Petraeus is following the Abrams- Israeli doctrine with the same
disastrous civilian casualties. Large-scale bombing of densely populated
Shia and Sunni neighborhoods has taken place since he took command.
Mass arrests of suspected local leaders accompanied by the tight military
encirclement of entire neighborhoods. Arbitrary, abusive house-to-house
searches turn the poor sectors of Baghdad into one big shooting gallery and
concentration camp. Paraphrasing his predecessor, General Creighton
Abrams, Petraeus wants to destroy Iraq in order to save it. In fact his
policy is merely punishing the civilians and deepening the hostility of the
population. In contrast, the insurgents blend into the huge slum
neighborhood of Sadr City population or into the surrounding provinces of
Al-Anbar, Diyala, and Salah and Din. Petraeus was able to hold a people
hostage with armored vehicles but he has not been able to rule with guns.

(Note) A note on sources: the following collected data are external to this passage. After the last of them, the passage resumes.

lemma tangent_scale_bounds:
  assumes "1 < \<beta>" "\<beta> < 2" "\<bar>\<theta>\<bar> \<le> 1"
  defines "g \<equiv> (2 - \<beta>) / (2 * (\<beta> - 1))" and "a \<equiv> tangency_point \<beta> \<bar>tan \<theta>\<bar>"
  shows "\<bar>\<theta>\<bar> powr g / 4 powr g \<le> a powr ((2 - \<beta>) / 2)"
    and "a powr ((2 - \<beta>) / 2) \<le> 2 powr g * \<bar>\<theta>\<bar> powr g"
proof -
  have "0 \<le> g" using assms by (simp add: g_def)
  have "(\<beta> - 1) * g = (2 - \<beta>) / 2"
    using assms by (simp add: g_def field_simps)
  then have eq: "a powr ((2 - \<beta>) / 2) = (a powr (\<beta> - 1)) powr g"
    by (simp only: powr_powr)
  have "(\<bar>\<theta>\<bar> / 4) powr g \<le> (a powr (\<beta> - 1)) powr g"
    using tangency_point_tan_bounds(1)[OF assms(1-3)] \<open>0 \<le> g\<close> by (intro powr_mono2) (auto simp: a_def)
  then show "\<bar>\<theta>\<bar> powr g / 4 powr g \<le> a powr ((2 - \<beta>) / 2)"
    unfolding eq by (simp add: powr_divide)
  have "(a powr (\<beta> - 1)) powr g \<le> (2 * \<bar>\<theta>\<bar>) powr g"
    using tangency_point_tan_bounds(2)[OF assms(1-3)] \<open>0 \<le> g\<close> by (intro powr_mono2) (auto simp: a_def)
  then show "a powr ((2 - \<beta>) / 2) \<le> 2 powr g * \<bar>\<theta>\<bar> powr g"
    unfolding eq by (simp add: powr_mult)
qed

section \<open>Chords of convex bodies bounded near the origin by \<open>y = \<bar>x\<bar> powr \<beta>\<close>\<close>

lemma inner_udir_plus_pi_half:
  assumes "cos t \<noteq> 0"
  shows "p \<bullet> udir (t + pi / 2) = cos t * (snd p - tan t * fst p)"
proof -
  have "cos (t + pi / 2) = - sin t" "sin (t + pi / 2) = cos t"
    by (simp_all add: cos_add sin_add)
  then show ?thesis
    using assms by (cases p) (simp add: udir_def tan_def field_simps)
qed

lemma chord_eq_level_set:
  assumes "0 < cos \<theta>" "q \<in> C" "snd q - tan \<theta> * fst q = m"
    and "\<And>p. p \<in> C \<Longrightarrow> m \<le> snd p - tan \<theta> * fst p"
  shows "chord C (\<theta> + pi / 2) l = {p \<in> C. snd p - tan \<theta> * fst p = m + l / cos \<theta>}"
proof -
  have inner: "p \<bullet> udir (\<theta> + pi / 2) = cos \<theta> * (snd p - tan \<theta> * fst p)" for p
    using assms(1) by (simp add: inner_udir_plus_pi_half)
  have inf: "(INF p\<in>C. cos \<theta> * (snd p - tan \<theta> * fst p)) = cos \<theta> * m"
    using assms by (intro cInf_eq_minimum) (auto intro: mult_left_mono)
  show ?thesis
    unfolding chord_def inner inf using assms(1) by (auto simp: field_simps)
qed

lemma diameter_le_on_line:
  fixes S :: "(real \<times> real) set"
  assumes "\<bar>s\<bar> \<le> 1" "0 \<le> W"
    and "\<And>p. p \<in> S \<Longrightarrow> snd p = s * fst p + c \<and> \<bar>fst p - x\<^sub>0\<bar> \<le> W"
  shows "diameter S \<le> 4 * W"
proof (rule diameter_le)
  fix p q assume "p \<in> S" "q \<in> S"
  then have "\<bar>fst p - fst q\<bar> \<le> 2 * W" "snd p - snd q = s * (fst p - fst q)"
    using assms(3)[of p] assms(3)[of q] by (auto simp: algebra_simps)
  moreover have "\<bar>s * (fst p - fst q)\<bar> \<le> \<bar>fst p - fst q\<bar>"
    using assms(1) by (simp add: abs_mult mult_left_le_one_le)
  moreover have "norm (p - q) \<le> \<bar>fst p - fst q\<bar> + \<bar>snd p - snd q\<bar>"
    using norm_Pair_le[of "fst p - fst q" "snd p - snd q"] by (cases p, cases q) simp
  ultimately show "norm (p - q) \<le> 4 * W" by linarith
qed (use assms in simp)

lemma convex_Pair_combination:
  fixes S :: "(real \<times> real) set"
  assumes "convex S" "p \<in> S" "q \<in> S" "0 \<le> t" "t \<le> 1"
  shows "(fst q + t * (fst p - fst q), snd q + t * (snd p - snd q)) \<in> S"
proof -
  have "(1 - t) *\<^sub>R q + t *\<^sub>R p \<in> S"
    using assms by (intro convexD) auto
  then show ?thesis
    by (cases p, cases q) (simp add: algebra_simps)
qed

locale graph_body =
  fixes \<beta> :: real and A :: "(real \<times> real) set"
  assumes exponent_pos: "0 < \<beta>" and body: "convex_body A" and graph: "boundary_graph \<beta> A"
begin

lemma body_convex: "convex A"
  using body by (simp add: convex_body_def)

lemma graph_mem_frontier:
  assumes "\<bar>x\<bar> \<le> 1"
  shows "(x, \<bar>x\<bar> powr \<beta>) \<in> frontier A"
proof -
  have "(x, \<bar>x\<bar> powr \<beta>) \<in> {(x, \<bar>x\<bar> powr \<beta>) | x. -1 \<le> x \<and> x \<le> 1}"
    using assms by auto
  then show ?thesis
    using graph unfolding boundary_graph_def by blast
qed

lemma graph_mem:
  assumes "\<bar>x\<bar> \<le> 1"
  shows "(x, \<bar>x\<bar> powr \<beta>) \<in> A"
proof -
  have "closed A"
    using body by (simp add: convex_body_def compact_imp_closed)
  then show ?thesis
    using graph_mem_frontier[OF assms] frontier_subset_closed by blast
qed

lemma mem_if_above_graph:
  assumes "\<bar>x\<bar> \<le> 1" "\<bar>x\<bar> powr \<beta> \<le> y" "y \<le> 1"
  shows "(x, y) \<in> A"
proof -
  have "(x, 1) \<in> A"
    using convex_Pair_combination[OF body_convex graph_mem[of 1] graph_mem[of "-1"], of "(x + 1) / 2"]
      assms(1) by (simp add: field_simps)
  show ?thesis
  proof (cases "\<bar>x\<bar> powr \<beta> = 1")
    case True
    then show ?thesis using \<open>(x, 1) \<in> A\<close> assms by simp
  next
    case False
    define t where "t = (y - \<bar>x\<bar> powr \<beta>) / (1 - \<bar>x\<bar> powr \<beta>)"
    have "0 \<le> t" "t \<le> 1" and y: "\<bar>x\<bar> powr \<beta> + t * (1 - \<bar>x\<bar> powr \<beta>) = y"
      using False assms by (auto simp: t_def field_simps)
    have "(x, \<bar>x\<bar> powr \<beta> + t * (1 - \<bar>x\<bar> powr \<beta>)) \<in> A"
      using convex_Pair_combination[OF body_convex \<open>(x, 1) \<in> A\<close> graph_mem[OF assms(1)] \<open>0 \<le> t\<close> \<open>t \<le> 1\<close>]
      by simp
    then show ?thesis
      unfolding y .
  qed
qed

lemma interior_if_above_graph:
  assumes "\<bar>x\<bar> < 1" "\<bar>x\<bar> powr \<beta> < y" "y < 1"
  shows "(x, y) \<in> interior A"
proof -
  let ?U = "{p. \<bar>fst p\<bar> < 1} \<inter> {p. \<bar>fst p\<bar> powr \<beta> < snd p} \<inter> {p :: real \<times> real. snd p < 1}"
  have "open ?U"
    using exponent_pos
    by (intro open_Int open_Collect_less continuous_on_powr' continuous_intros) auto
  moreover have "?U \<subseteq> A"
    using mem_if_above_graph by (auto simp: less_imp_le)
  ultimately show ?thesis
    using assms interior_maximal[of ?U A] by auto
qed

lemma above_graph_if_mem:
  assumes "(x, y) \<in> A" "\<bar>x\<bar> < 1"
  shows "\<bar>x\<bar> powr \<beta> \<le> y"
proof (rule ccontr)
  define h where "h = \<bar>x\<bar> powr \<beta>"
  assume "\<not> \<bar>x\<bar> powr \<beta> \<le> y"
  then have "y < h" by (simp add: h_def)
  have "h < 1"
    using powr_less_mono2[OF exponent_pos _ assms(2)] by (simp add: h_def)
  define c where "c = (x, (h + 1) / 2)"
  have "c \<in> interior A"
    using interior_if_above_graph[OF assms(2)] \<open>h < 1\<close> by (simp add: c_def h_def)
  define e where "e = (h - y) / ((h + 1) / 2 - y)"
  have "0 < e" "e \<le> 1"
    using \<open>y < h\<close> \<open>h < 1\<close> by (auto simp: e_def field_simps)
  have "(x, y) - e *\<^sub>R ((x, y) - c) = (x, h)"
    using \<open>y < h\<close> \<open>h < 1\<close> by (simp add: c_def e_def field_simps)
  then have "(x, h) \<in> interior A"
    using mem_interior_convex_shrink[OF body_convex \<open>c \<in> interior A\<close> assms(1) \<open>0 < e\<close> \<open>e \<le> 1\<close>] by simp
  moreover have "(x, h) \<in> frontier A"
    using graph_mem_frontier assms(2) by (simp add: h_def)
  ultimately show False
    by (simp add: frontier_def)
qed

text \<open>Between a point near the axis that lies below the level \<open>0\<close> of \<open>y - s x\<close> and a point
  \<open>p\<close> with \<open>\<bar>fst p\<bar> \<ge> 1/2\<close>, the segment crosses a vertical line \<open>x = \<plusminus>1/2\<close>, where the
  graph already lies at level at least \<open>1/4 - 1/20\<close>.\<close>
lemma level_gain_off_axis:
  assumes "\<beta> \<le> 2" "\<bar>s\<bar> \<le> 1 / 10"
    and "q \<in> A" "\<bar>fst q\<bar> < 1 / 2" "snd q - s * fst q \<le> 0"
    and "p \<in> A" "1 / 2 \<le> \<bar>fst p\<bar>"
  shows "snd q - s * fst q + 1 / 5 \<le> snd p - s * fst p"
proof -
  define v where "v r = snd r - s * fst r" for r :: "real \<times> real"
  define x where "x = (if 0 \<le> fst p then 1 / 2 else - 1 / 2 :: real)"
  define t where "t = (x - fst q) / (fst p - fst q)"
  have "fst p \<noteq> fst q" using assms by auto
  have "0 < t" "t \<le> 1"
    using assms by (auto simp: t_def x_def field_simps abs_if split: if_splits)
  have "fst q + t * (fst p - fst q) = x"
    using \<open>fst p \<noteq> fst q\<close> by (simp add: t_def)
  then have r: "(x, snd q + t * (snd p - snd q)) \<in> A"
    using convex_Pair_combination[OF body_convex \<open>p \<in> A\<close> \<open>q \<in> A\<close> less_imp_le[OF \<open>0 < t\<close>] \<open>t \<le> 1\<close>]
    by simp
  have "1 / 4 \<le> \<bar>x\<bar> powr \<beta>"
    using powr_mono'[of \<beta> 2 "1 / 2"] assms(1) by (simp add: x_def power2_eq_square)
  also have "\<dots> \<le> snd q + t * (snd p - snd q)"
    using above_graph_if_mem[OF r] by (simp add: x_def)
  moreover have "\<bar>s * x\<bar> \<le> 1 / 20"
    using assms(2) by (simp add: x_def abs_mult)
  moreover have "(1 - t) * v q + t * v p = snd q + t * (snd p - snd q) - s * x"
    unfolding \<open>fst q + t * (fst p - fst q) = x\<close>[symmetric] by (simp add: v_def algebra_simps)
  ultimately have "1 / 5 \<le> v q + t * (v p - v q)"
    by (simp add: algebra_simps abs_le_iff)
  then have "t * (1 / 5) \<le> t * (v p - v q)"
    using \<open>t \<le> 1\<close> assms(5) by (simp add: v_def)
  then show ?thesis
    using \<open>0 < t\<close> by (simp add: v_def)
qed

lemma tangent_contact_mem:
  assumes "1 < \<beta>" "\<beta> < 2" "\<bar>s\<bar> \<le> 1"
  shows "(tangency_abscissa \<beta> s, s * tangency_abscissa \<beta> s + tangent_intercept \<beta> s) \<in> A"
    and "\<bar>tangency_abscissa \<beta> s\<bar> \<le> \<bar>s\<bar>"
proof -
  have "\<bar>tangency_abscissa \<beta> s\<bar> = tangency_point \<beta> \<bar>s\<bar>"
    by (simp add: tangency_abscissa_def tangency_point_nonneg)
  then show "\<bar>tangency_abscissa \<beta> s\<bar> \<le> \<bar>s\<bar>"
    using tangency_point_le[of \<beta> "\<bar>s\<bar>"] assms by simp
  moreover have "s * tangency_abscissa \<beta> s + tangent_intercept \<beta> s = \<bar>tangency_abscissa \<beta> s\<bar> powr \<beta>"
    using tangent_gap_tangency_abscissa[OF assms(1,2), of s] by (simp add: tangent_gap_def)
  ultimately show "(tangency_abscissa \<beta> s, s * tangency_abscissa \<beta> s + tangent_intercept \<beta> s) \<in> A"
    using graph_mem[of "tangency_abscissa \<beta> s"] assms by simp
qed

lemma tangent_line_supports:
  assumes "1 < \<beta>" "\<beta> < 2" "\<bar>s\<bar> \<le> 1 / 10" "p \<in> A"
  shows "tangent_intercept \<beta> s \<le> snd p - s * fst p"
    and "snd p - s * fst p < tangent_intercept \<beta> s + 1 / 5 \<Longrightarrow>
      \<bar>fst p\<bar> < 1 / 2 \<and> tangent_gap \<beta> s (fst p) \<le> snd p - s * fst p - tangent_intercept \<beta> s"
proof -
  let ?c = "tangent_intercept \<beta> s"
  have "?c \<le> 0"
    using assms by (simp add: tangent_intercept_def mult_nonpos_nonneg)
  have "?c \<le> snd p - s * fst p \<and> (snd p - s * fst p < ?c + 1 / 5 \<longrightarrow>
      \<bar>fst p\<bar> < 1 / 2 \<and> tangent_gap \<beta> s (fst p) \<le> snd p - s * fst p - ?c)"
  proof (cases "\<bar>fst p\<bar> < 1 / 2")
    case True
    then have "\<bar>fst p\<bar> powr \<beta> \<le> snd p"
      using above_graph_if_mem[of "fst p" "snd p"] assms by simp
    then have "tangent_gap \<beta> s (fst p) \<le> snd p - s * fst p - ?c"
      by (simp add: tangent_gap_def)
    then show ?thesis
      using True tangent_gap_nonneg[OF assms(1,2), of s "fst p"] by simp
  next
    case False
    let ?x\<^sub>0 = "tangency_abscissa \<beta> s"
    have "(?x\<^sub>0, s * ?x\<^sub>0 + ?c) \<in> A" "\<bar>?x\<^sub>0\<bar> \<le> \<bar>s\<bar>"
      using tangent_contact_mem[of s] assms by auto
    then have "?c + 1 / 5 \<le> snd p - s * fst p"
      using level_gain_off_axis[of s "(?x\<^sub>0, s * ?x\<^sub>0 + ?c)" p] \<open>?c \<le> 0\<close> False assms by simp
    then show ?thesis by simp
  qed
  then show "?c \<le> snd p - s * fst p"
    and "snd p - s * fst p < ?c + 1 / 5 \<Longrightarrow>
      \<bar>fst p\<bar> < 1 / 2 \<and> tangent_gap \<beta> s (fst p) \<le> snd p - s * fst p - ?c"
    by auto
qed

lemma mem_tangent_level:
  assumes "1 < \<beta>" "\<beta> < 2" "\<bar>x\<bar> \<le> 1 / 2" "tangent_gap \<beta> s x \<le> \<mu>" "\<mu> \<le> 1 / 2"
  shows "(x, s * x + tangent_intercept \<beta> s + \<mu>) \<in> A"
proof (rule mem_if_above_graph)
  have "\<bar>x\<bar> powr \<beta> \<le> \<bar>x\<bar> powr 1"
    using assms by (intro powr_mono') auto
  then show "s * x + tangent_intercept \<beta> s + \<mu> \<le> 1"
    using assms tangent_gap_nonneg[OF assms(1,2), of s x] by (simp add: tangent_gap_def)
qed (use assms in \<open>auto simp: tangent_gap_def\<close>)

The failure of General Creighton Abrams was not due to the lack of political
will in the US, as he complained, but was due to the fact that clearing a
region of insurgents is temporary, because the insurgency is founded on its
capacity to blend in with the people and then re-emerge to fight the
occupation army.
Petraeus fundamental (and false) assumptions are based on the
notion that the people and the insurgents are two distinct and opposing
groups. He assumed that his ground forces and Iraqi mercenaries could
distinguish and exploit this divergence and clear out the insurgents and
hold the people. The four-year history of the US invasion, occupation and
imperial war, including his 18 months in command, provides ample
evidence to the contrary. With upward of 170,000 US troops and close to
200,000 Iraqi and over 50,000 foreign mercenaries, Petraeus has failed to
defeat the insurgency. The evidence points to very strong, extensive and
sustained civilian support for the insurgency. The high ratio of civilian to
insurgent killings by the combined US-mercenary armies suggests that US
troops have not been able to distinguish (nor are interested in the
difference) between civilians and insurgents. Even the puppet government
complains of civilian killings and widespread destruction of popular
neighborhoods by US aerial bombing. The insurgency draws strong
support from extended kin ties, neighborhood friends and neighbors,
religious leaders, nationalists and patriots: these primary, secondary and
tertiary ties bind the insurgency to the population in a way which can not
be replicated by the US military or its puppet politicians.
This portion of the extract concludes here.